TO DO: Each line below from the one containing "n = (\<Prod>i<n." through the one containing "text \<open>Gaussian binomial" is to be given again exactly, and no line outside that span.

LISTED RECORDS:
(* For all integers $0\le k\le j$, $$\sum_{h=k}^j(-q)^{h-j}q^{k^2}{h\brack k}_+\,a^{-j}q^{j^2+h^2}\frac{(a^2q^{2-2j-2h};q^2)_j}{(q^2;q^2)_j}{j\brack h}_+=(-q)^{k-j}a^{-j}q^{2k^2+j^2}{j\brack k}_+\frac{(a^2q^{2-2j-2k};q^2)_k}{(q^2;q^2)_k}.$$
   Context: $(x;q^2)_n=\prod_{i=0}^{n-1}(1-xq^{2i})$, $(q^2;q^2)_n=\prod_{i=1}^n(1-q^{2i})$, and ${N\brack k}_+=\frac{(q^2;q^2)_N}{(q^2;q^2)_k(q^2;q^2)_{N-k}}$. (The identity expresses the reduced closure of a top twist applied to the basis web $UP[j,k]$.) *)

theory Defs
  imports Complex_Main
begin

definition qpoch2 :: "'a::field \<Rightarrow> 'a \<Rightarrow> nat \<Rightarrow> 'a" where
  "qpoch2 x q n = (\<Prod>i<n. (1 - x * q ^ (2 * i)))"

definition qfact2 :: "'a::field \<Rightarrow> nat \<Rightarrow> 'a" where
  "qfact2 q n = (\<Prod>i=1..n. (1 - q ^ (2 * i)))"

text \<open>Gaussian binomial [N,k]_+ in base q^2 (used only for k \<le> N)\<close>
definition qbinp :: "'a::field \<Rightarrow> nat \<Rightarrow> nat \<Rightarrow> 'a" where
  "qbinp q N k = qfact2 q N / (qfact2 q k * qfact2 q (N - k))"

end

theory Submission imports Defs begin

(*
  Put h = k + m and j = k + n. Since [h,k] [j,h] = [j,k] [n,m], the identity reduces to

    sum_m [n,m] q^(m(m-1)) (-q^(2k+2))^m (y q^(-2m); q^2)_j = (q^2;q^2)_j / (q^2;q^2)_k (y; q^2)_k

  with y = a^2 q^(2-2j-2k). Expanding (y q^(-2m); q^2)_j by the q-binomial theorem and exchanging
  the sums, the inner sum over m becomes the q-binomial expansion of (q^(2k+2-2s); q^2)_n. It vanishes
  for k < s <= j and equals (q^2;q^2)_(j-s) / (q^2;q^2)_(k-s) for s <= k; what remains is the
  q-binomial expansion of (y; q^2)_k.
*)

abbreviation q2_not_root_of_unity :: "'a::field \<Rightarrow> bool" where
  "q2_not_root_of_unity q \<equiv> \<forall>i::nat. i \<ge> 1 \<longrightarrow> q ^ (2 * i) \<noteq> 1"

lemma power_int_diff_nat:
  fixes x :: "'a::field"
  assumes "x \<noteq> 0"
  shows "x powi (t - int n) = x powi t * inverse x ^ n"
  using assms by (simp add: power_int_diff divide_inverse power_inverse)

lemma qfact2_0 [simp]: "qfact2 q 0 = 1"
  by (simp add: qfact2_def)

lemma qfact2_Suc: "qfact2 q (Suc n) = qfact2 q n * (1 - q ^ (2 * Suc n))"
  by (simp add: qfact2_def prod.nat_ivl_Suc')

lemma qfact2_nonzero:
  assumes "q2_not_root_of_unity q"
  shows "qfact2 q n \<noteq> 0"
  using assms by (induction n) (auto simp: qfact2_Suc)

lemma qfact2_add: "qfact2 q (d + n) = qfact2 q d * qpoch2 (q ^ (2 * Suc d)) q n"
  by (induction n) (simp_all add: qfact2_Suc qpoch2_def power_add[symmetric] ac_simps)

lemma qpoch2_Suc_shift: "qpoch2 x q (Suc n) = (1 - x) * qpoch2 (x * q\<^sup>2) q n"
  unfolding qpoch2_def
  by (subst prod.lessThan_Suc_shift) (simp add: power_add[symmetric] mult.assoc)

lemma qpoch2_inverse_power_eq_0:
  assumes "q \<noteq> 0" and "i < n"
  shows "qpoch2 (inverse q ^ (2 * i)) q n = 0"
  unfolding qpoch2_def using assms
  by (intro prod_zero bexI[of _ i]) (simp_all add: power_mult_distrib[symmetric])

lemma qbinp_self:
  assumes "q2_not_root_of_unity q"
  shows "qbinp q n n = 1"
  using qfact2_nonzero[OF assms] by (simp add: qbinp_def)

lemma qbinp_0_right:
  assumes "q2_not_root_of_unity q"
  shows "qbinp q n 0 = 1"
  using qfact2_nonzero[OF assms] by (simp add: qbinp_def)

lemma qbinp_Suc_Suc:
  assumes H: "q2_not_root_of_unity q" and "m < n"
  shows "qbinp q (Suc n) (Suc m) = qbinp q n m + q ^ (2 * Suc m) * qbinp q n (Suc m)"
proof -
  obtain d where n: "n = m + Suc d"
    using less_imp_Suc_add[OF \<open>m < n\<close>] by auto
  define X where "X = q ^ (2 * Suc m)"
  define Y where "Y = q ^ (2 * Suc d)"
  have diffs: "Suc n - Suc m = Suc d" "n - m = Suc d" "n - Suc m = d"
    using n by auto
  have XY: "q ^ (2 * Suc n) = X * Y"
    unfolding X_def Y_def n by (simp add: power_add[symmetric])
  have "X \<noteq> 1" "Y \<noteq> 1"
    unfolding X_def Y_def using H[rule_format, of "Suc m"] H[rule_format, of "Suc d"] by simp_all
  then have nonzero: "qfact2 q m \<noteq> 0" "qfact2 q d \<noteq> 0" "1 - X \<noteq> 0" "1 - Y \<noteq> 0"
    using qfact2_nonzero[OF H] by simp_all
  have "qbinp q n m + X * qbinp q n (Suc m)
      = (qfact2 q n * (1 - X) + X * qfact2 q n * (1 - Y)) / (qfact2 q m * (1 - X) * (qfact2 q d * (1 - Y)))"
    unfolding qbinp_def diffs qfact2_Suc[of q m] qfact2_Suc[of q d] X_def[symmetric] Y_def[symmetric]
    using nonzero by (simp add: add_divide_distrib)
  also have "qfact2 q n * (1 - X) + X * qfact2 q n * (1 - Y) = qfact2 q n * (1 - X * Y)"
    by (simp add: algebra_simps)
  also have "qfact2 q n * (1 - X * Y) / (qfact2 q m * (1 - X) * (qfact2 q d * (1 - Y))) = qbinp q (Suc n) (Suc m)"
    unfolding qbinp_def diffs qfact2_Suc[of q n] qfact2_Suc[of q m] qfact2_Suc[of q d] XY
      X_def[symmetric] Y_def[symmetric] ..
  finally show ?thesis
    unfolding X_def by simp
qed

lemma qbinp_mult_qbinp:
  assumes H: "q2_not_root_of_unity q" and "k \<le> h" and "h \<le> j"
  shows "qbinp q h k * qbinp q j h = qbinp q j k * qbinp q (j - k) (h - k)"
proof -
  have "j - k - (h - k) = j - h"
    using assms by simp
  then show ?thesis
    using qfact2_nonzero[OF H] by (simp add: qbinp_def field_simps)
qed
definition rho :: "nlpair \<Rightarrow> nlpair \<Rightarrow> real" where
  "rho p q = (case p of (a, b) \<Rightarrow> case q of (c, d) \<Rightarrow>
      L2T_norm (\<lambda>z. a z - c z) + L2T_norm (\<lambda>z. b z - d z)
      + \<bar>ln (Re (at_inf a)) - ln (Re (at_inf c))\<bar>)"

end

theory Submission
  imports Defs
begin

text \<open>On the unit circle the nonlinear Fourier series \<open>(a, b)\<close> of a sequence supported in
  \<open>[lo, hi)\<close> is a pair of trigonometric polynomials, \<open>a\<close> with frequencies in \<open>[lo - hi, 0]\<close>
  and \<open>b\<close> with frequencies in \<open>[lo, hi - 1]\<close>, such that \<open>|a|\<^sup>2 + |b|\<^sup>2 = 1\<close> and \<open>a(\<infinity>) > 0\<close>;
  this shape is preserved by multiplying series of adjacent windows.
  When \<open>(a, b)\<close> comes from \<open>[lo, m)\<close> and \<open>(c, d)\<close> from \<open>[m, hi)\<close>, the product \<open>b d\<^sup>*\<close> has only
  negative frequencies, so \<open>(a c - b d\<^sup>*)(\<infinity>) = a(\<infinity>) c(\<infinity>)\<close> and the logarithmic part of \<open>\<rho>\<close> is
  subadditive. The \<open>L\<^sup>2\<close> parts are controlled by splitting
  \<open>a c - a' c' = (a - a') c + a' (c - c')\<close> and so on, all entries being bounded by \<open>1\<close>.\<close>

lemma norm_circ [simp]: "cmod (circ \<theta>) = 1"
  by (simp add: circ_def)

lemma inverse_cnj_on_circle: "cmod z = 1 \<Longrightarrow> inverse (cnj z) = z"
  using complex_norm_square[of z] by (intro inverse_unique) (simp add: mult.commute)

lemma cnj_on_circle: "cmod z = 1 \<Longrightarrow> cnj z = inverse z"
  by (metis complex_cnj_cnj complex_cnj_inverse inverse_cnj_on_circle)

lemma star_on_circle: "cmod z = 1 \<Longrightarrow> star f z = cnj (f z)"
  by (simp add: star_def inverse_cnj_on_circle)

lemma continuous_on_circ_comp:
  "continuous_on (sphere 0 1) f \<Longrightarrow> continuous_on {0..1} (\<lambda>\<theta>. f (circ \<theta>))"
  by (rule continuous_on_compose2[of "sphere 0 1" f _ circ])
     (auto simp: circ_def intro!: continuous_intros)

lemma set_integral_eq_integral_01:
  fixes g :: "real \<Rightarrow> 'b::euclidean_space"
  assumes "continuous_on {0..1} g"
  shows "set_lebesgue_integral lborel {0..1} g = integral {0..1} g"
  using assms by (intro set_borel_integral_eq_integral(2))
    (simp add: set_integrable_def borel_integrable_compact)

lemma intT_eq_integral:
  "continuous_on (sphere 0 1) f \<Longrightarrow> intT f = integral {0..1} (\<lambda>\<theta>. f (circ \<theta>))"
  unfolding intT_def by (intro set_integral_eq_integral_01 continuous_on_circ_comp)

lemma L2T_norm_eq_integral:
  "continuous_on (sphere 0 1) f \<Longrightarrow>
     L2T_norm f = sqrt (integral {0..1} (\<lambda>\<theta>. (cmod (f (circ \<theta>)))\<^sup>2))"
  unfolding L2T_norm_def
  by (subst set_integral_eq_integral_01) (auto intro!: continuous_intros continuous_on_circ_comp)

lemma integrable_circ_comp:
  fixes f :: "complex \<Rightarrow> 'a::banach"
  shows "continuous_on (sphere 0 1) f \<Longrightarrow> (\<lambda>\<theta>. f (circ \<theta>)) integrable_on {0..1}"
  by (intro integrable_continuous_interval continuous_on_circ_comp)

lemma intT_cong: "(\<And>z. cmod z = 1 \<Longrightarrow> f z = g z) \<Longrightarrow> intT f = intT g"
  unfolding intT_def by simp

lemma L2T_norm_cong: "(\<And>z. cmod z = 1 \<Longrightarrow> cmod (f z) = cmod (g z)) \<Longrightarrow> L2T_norm f = L2T_norm g"
  unfolding L2T_norm_def by simp

lemma intT_const: "intT (\<lambda>z. c) = c"
  by (simp add: intT_eq_integral)

lemma intT_add:
  "continuous_on (sphere 0 1) f \<Longrightarrow> continuous_on (sphere 0 1) g \<Longrightarrow>
     intT (\<lambda>z. f z + g z) = intT f + intT g"
  by (simp add: intT_eq_integral continuous_on_add integral_add integrable_circ_comp)

lemma intT_diff:
  "continuous_on (sphere 0 1) f \<Longrightarrow> continuous_on (sphere 0 1) g \<Longrightarrow>
     intT (\<lambda>z. f z - g z) = intT f - intT g"
  by (simp add: intT_eq_integral continuous_on_diff integral_diff integrable_circ_comp)
(* Let $n\ge 1$, $0\le w\le n$, and let $U$ be an $n$-qubit Clifford operator that is a product of Clifford operators each of which acts either trivially on the first $w$ qubits or only as the control of a CNOT on them; in particular its symplectic matrix $M\in\mathrm{Sp}(2n,\mathbb{F}_2)$ satisfies $f_iM=f_i$ for all $1\le i\le w$. Then there exist vectors $u_1,\dots,u_{2w}\in\mathbb{F}_2^{2n}$ such that $$M' := M\, S_{u_1} S_{u_2}\cdots S_{u_{2w}}$$ satisfies $e_iM'=e_i$ and $f_iM'=f_i$ for all $1\le i\le w$, and $bM'\in\mathrm{span}\{e_j,f_j : w<j\le n\}$ for every $b\in\{e_j,f_j: w<j\le n\}$. That is, $2w$ Pauli $\pi/4$ rotations suffice to turn $U$ into a Clifford operator (up to Pauli operators and phases) supported only on the last $n-w$ qubits.
   Context: Paulis and Cliffords are represented in the binary symplectic formalism. An $n$-qubit Pauli operator is identified (up to phase) with a row vector $v\in\mathbb{F}_2^{2n}$ via $P_v=\prod_{i=1}^n X_i^{v_i}Z_i^{v_{n+i}}$. The symplectic form is $\langle u,v\rangle=uJv^T$ with $J=\begin{bmatrix}0&I_n\\ I_n&0\end{bmatrix}$; $P_u,P_v$ commute iff $\langle u,v\rangle=0$. Let $e_1,\dots,e_{2n}$ be the standard basis of $\mathbb{F}_2^{2n}$ and $f_k:=e_{n+k}$ ($e_k$ corresponds to $X_k$, $f_k$ to $Z_k$). A Clifford $U$ is represented (ignoring Pauli corrections and phases) by a matrix $M_U$ with $M_UJM_U^T=J$, acting by $v\mapsto vM_U$ (conjugation $P\mapsto UPU^\dagger$); its $i$-th row is the image of the $i$-th basis vector. The Pauli $\pi/4$ rotation $R_{\pi/4}(P_u)$ maps $P\mapsto PP_u$ if $P$ anticommutes with $P_u$ and fixes $P$ otherwise; in symplectic form it acts as the transvection $E_u(v)=v+\langle u,v\rangle u$, whose matrix (row-vector convention $v\mapsto vS_u$) is denoted $S_u$. *)

theory Defs
  imports "Jordan_Normal_Form.VS_Connect" "HOL-Library.Z2"
begin

text \<open>Indices are 0-based:
  qubit k (0 \<le> k < n) corresponds to e_k = X_k (index k) and f_k = Z_k (index n+k)
  in F_2^{2n}. Row vectors are JNF vectors of dimension 2n; a matrix M acts on
  row vectors from the right, v \<mapsto> v M.\<close>

definition row_mult :: "bit vec \<Rightarrow> bit mat \<Rightarrow> bit vec" (infixl "\<^sub>r*" 70) where
  "v \<^sub>r* M = transpose_mat M *\<^sub>v v"

definition Jmat :: "nat \<Rightarrow> bit mat" where
  "Jmat n = four_block_mat (0\<^sub>m n n) (1\<^sub>m n) (1\<^sub>m n) (0\<^sub>m n n)"

definition symplectic :: "nat \<Rightarrow> bit mat \<Rightarrow> bool" where
  "symplectic n M \<longleftrightarrow> M \<in> carrier_mat (2*n) (2*n) \<and> M * Jmat n * transpose_mat M = Jmat n"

ANSWER:
  "qpoch2 x q n = (\<Prod>i<n. (1 - x * q ^ (2 * i)))"

definition qfact2 :: "'a::field \<Rightarrow> nat \<Rightarrow> 'a" where
  "qfact2 q n = (\<Prod>i=1..n. (1 - q ^ (2 * i)))"

text \<open>Gaussian binomial [N,k]_+ in base q^2 (used only for k \<le> N)\<close>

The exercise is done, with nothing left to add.